The original idea of primitive communism is rooted in the idea of the noble savage present in the works of Jean-Jacques Rousseau and the early anthropological work of Morgan and Ely S. Parker. Engels was the first to write about primitive communism in detail, with the 1884 publication of The Origin of the Family, Private Property and the State. Engels categorised primitive communist societies into two phases: the "wild" (hunter-gatherer) phase that lacked permanent superstructure and had close relationships with the natural world, and the "barbarian" phase which held a superstructure like that of the ancient Germanic populations beyond the borders of the Roman Empire and the Indigenous peoples of North America before colonisation by Europeans, being intra-communally egalitarian and matrilineal within the community.

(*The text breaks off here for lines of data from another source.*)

text \<open>Both numbers lie in the field generated by a + n b as soon as n avoids the finitely many
  values (w - a) / (b - z) built from conjugates w of a and z of b.\<close>
lemma primitive_element_step:
  assumes a: "algebraic a" and b: "algebraic b"
  shows "\<exists>n::nat. a \<in> Q_adjoin (a + of_nat n * b) \<and> b \<in> Q_adjoin (a + of_nat n * b)"
proof -
  obtain f where f: "f \<noteq> 0" "poly (of_rat_poly f) a = 0"
    using a by (auto simp: algebraic_iff_rat_poly_root)
  obtain g where g: "is_minpoly g b"
    using minpoly_exists[OF b] ..
  let ?f = "of_real_poly (of_rat_poly f)" and ?g = "of_real_poly (of_rat_poly g)"
  define Bad where "Bad = (\<lambda>(w, z). (w - of_real a) / (of_real b - z)) `
    ({w. poly ?f w = 0} \<times> {z. poly ?g z = 0})"
  have "finite Bad"
    unfolding Bad_def using f(1) minpoly_nonzero[OF g] by (simp add: poly_roots_finite)
  then obtain n :: nat where n: "of_nat n \<notin> Bad"
    using exists_of_nat_ge_not_in_finite by blast
  define d where "d = a + of_nat n * b"
  define h where "h = pcompose (of_rat_poly f) [:d, - of_nat n:]"
  have F: "real_subfield (Q_adjoin d)" and d: "d \<in> Q_adjoin d"
    by (rule real_subfield_Q_adjoin Q_adjoin_self)+
  have "b \<in> Q_adjoin d"
  proof (rule simple_common_root_in_subfield[OF F])
    show "poly_over (Q_adjoin d) h"
      unfolding h_def using F d
      by (simp add: poly_over_pcompose poly_over_of_rat_poly poly_over_pCons poly_over_const
          real_subfield_closed)
    show "poly_over (Q_adjoin d) (of_rat_poly g)" "of_rat_poly g \<noteq> 0"
      "poly (of_rat_poly g) b = 0" "poly (pderiv (of_rat_poly g)) b \<noteq> 0"
      using F g by (simp_all add: poly_over_of_rat_poly minpoly_nonzero minpoly_root
          minpoly_simple_root)
    show "poly h b = 0"
      using f(2) by (simp add: h_def d_def poly_pcompose)
    fix z
    assume z: "poly ?g z = 0" "poly (of_real_poly h) z = 0"
    then have w: "poly ?f (of_real d - of_nat n * z) = 0"
      by (simp add: h_def of_real_poly_pcompose poly_pcompose algebra_simps)
    show "z = of_real b"
    proof (rule ccontr)
      assume "z \<noteq> of_real b"
      then have "of_nat n = (of_real d - of_nat n * z - of_real a) / (of_real b - z)"
        by (simp add: d_def field_simps)
      also have "\<dots> \<in> Bad"
        unfolding Bad_def using w z(1) by force
      finally show False
        using n by contradiction
    qed
  qed
  moreover have "a = d - of_nat n * b"
    by (simp add: d_def)
  ultimately have "a \<in> Q_adjoin d"
    using F d by (simp add: real_subfield_closed)
  with \<open>b \<in> Q_adjoin d\<close> show ?thesis
    unfolding d_def by blast
qed

lemma finite_subset_Q_adjoin:
  assumes K: "real_number_field K" and "finite S" "S \<subseteq> K"
  shows "\<exists>x\<in>K. S \<subseteq> Q_adjoin x"
  using assms(2,3)
proof (induction S rule: finite_induct)
  case empty
  then show ?case
    using K real_subfield_0 real_number_field_subfield by blast
next
  case (insert b S)
  then obtain x where x: "x \<in> K" "S \<subseteq> Q_adjoin x"
    by blast
  moreover have "b \<in> K"
    using insert.prems by simp
  ultimately obtain n :: nat where n: "x \<in> Q_adjoin (x + of_nat n * b)" "b \<in> Q_adjoin (x + of_nat n * b)"
    using primitive_element_step real_number_field_algebraic[OF K] by blast
  have "x + of_nat n * b \<in> K"
    using K x(1) \<open>b \<in> K\<close> by (simp add: real_number_field_subfield real_subfield_closed)
  moreover have "insert b S \<subseteq> Q_adjoin (x + of_nat n * b)"
    using x(2) n Q_adjoin_subset by blast
  ultimately show ?case
    by blast
qed

lemma real_number_field_primitive_element:
  assumes K: "real_number_field K"
  obtains \<xi> where "\<xi> \<in> K" "Q_adjoin \<xi> = K"
proof -
  obtain B where B: "finite B" "B \<subseteq> K" "\<forall>y\<in>K. \<exists>c. y = (\<Sum>b\<in>B. of_rat (c b) * b)"
    using K unfolding real_number_field_def by blast
  obtain \<xi> where \<xi>: "\<xi> \<in> K" "B \<subseteq> Q_adjoin \<xi>"
    using finite_subset_Q_adjoin[OF K B(1,2)] by blast
  have "K \<subseteq> Q_adjoin \<xi>"
    using B(3) \<xi>(2) real_subfield_Q_adjoin
    by (fastforce intro!: real_subfield_sum real_subfield_mult real_subfield_of_rat)
  then show ?thesis
    using that \<xi>(1) K by (simp add: Q_adjoin_eqI real_number_field_subfield)
qed


section \<open>Generating the field by M + 1/M\<close>

lemma finite_shifted_quadratic_coincidences:
  fixes \<alpha> \<beta> \<gamma> \<delta> z \<xi> :: complex
  assumes "\<gamma> \<noteq> 0" "z \<noteq> \<xi>"
  shows "finite {s. \<alpha> * (z + s)^2 + \<beta> = \<gamma> * (\<xi> + s)^2 + \<delta>}"
    and "finite {s. (\<alpha> * (z + s)^2 + \<beta>) * (\<gamma> * (\<xi> + s)^2 + \<delta>) = 1}"
proof -
  define p where "p = [:\<alpha> * z^2 + \<beta>, 2 * \<alpha> * z, \<alpha>:]"
  define q where "q = [:\<gamma> * \<xi>^2 + \<delta>, 2 * \<gamma> * \<xi>, \<gamma>:]"
  have p: "poly p s = \<alpha> * (z + s)^2 + \<beta>" and q: "poly q s = \<gamma> * (\<xi> + s)^2 + \<delta>" for s
    by (simp_all add: p_def q_def power2_eq_square algebra_simps)
  have "p \<noteq> q"
  proof
    assume "p = q"
    then have "coeff p 2 = coeff q 2" "coeff p 1 = coeff q 1"
      by simp_all
    then have "\<alpha> = \<gamma>" "2 * \<alpha> * z = 2 * \<gamma> * \<xi>"
      by (simp_all add: p_def q_def numeral_2_eq_2)
    then show False
      using assms by simp
  qed
  then have "finite {s. poly (p - q) s = 0}"
    by (intro poly_roots_finite) simp
  then show "finite {s. \<alpha> * (z + s)^2 + \<beta> = \<gamma> * (\<xi> + s)^2 + \<delta>}"
    by (simp add: p q)
  have "degree q = 2"
    using assms(1) by (simp add: q_def)
  have "p * q \<noteq> 1"
  proof
    assume pq: "p * q = 1"
    then have "p \<noteq> 0" "q \<noteq> 0"
      by auto
    then have "degree (p * q) = degree p + 2"
      using \<open>degree q = 2\<close> by (simp add: degree_mult_eq)
    with pq show False
      by simp
  qed
  then have "finite {s. poly (p * q - 1) s = 0}"
    by (intro poly_roots_finite) simp
  then show "finite {s. (\<alpha> * (z + s)^2 + \<beta>) * (\<gamma> * (\<xi> + s)^2 + \<delta>) = 1}"
    by (simp add: p q)
qed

Marx and Engels used the term more broadly than Marxists did later, and applied it not only to hunter-gatherers but also to some communities that engaged in subsistence agriculture. There is also no agreement among later scholars, including Marxists, on the historical extent, or longevity, of primitive communism. Marx and Engels also noted how capitalist accumulation latched itself onto social organizations of primitive communism. For instance, in private correspondence the same year that The Origin of the Family was published, Engels attacked European colonialism, describing the Dutch regime in Java directly organizing agricultural production and profiting from it, "on the basis of the old communistic village communities". He added that cases like the Dutch East Indies, British India and the Russian Empire showed "how today primitive communism furnishes ... the finest and broadest basis of exploitation".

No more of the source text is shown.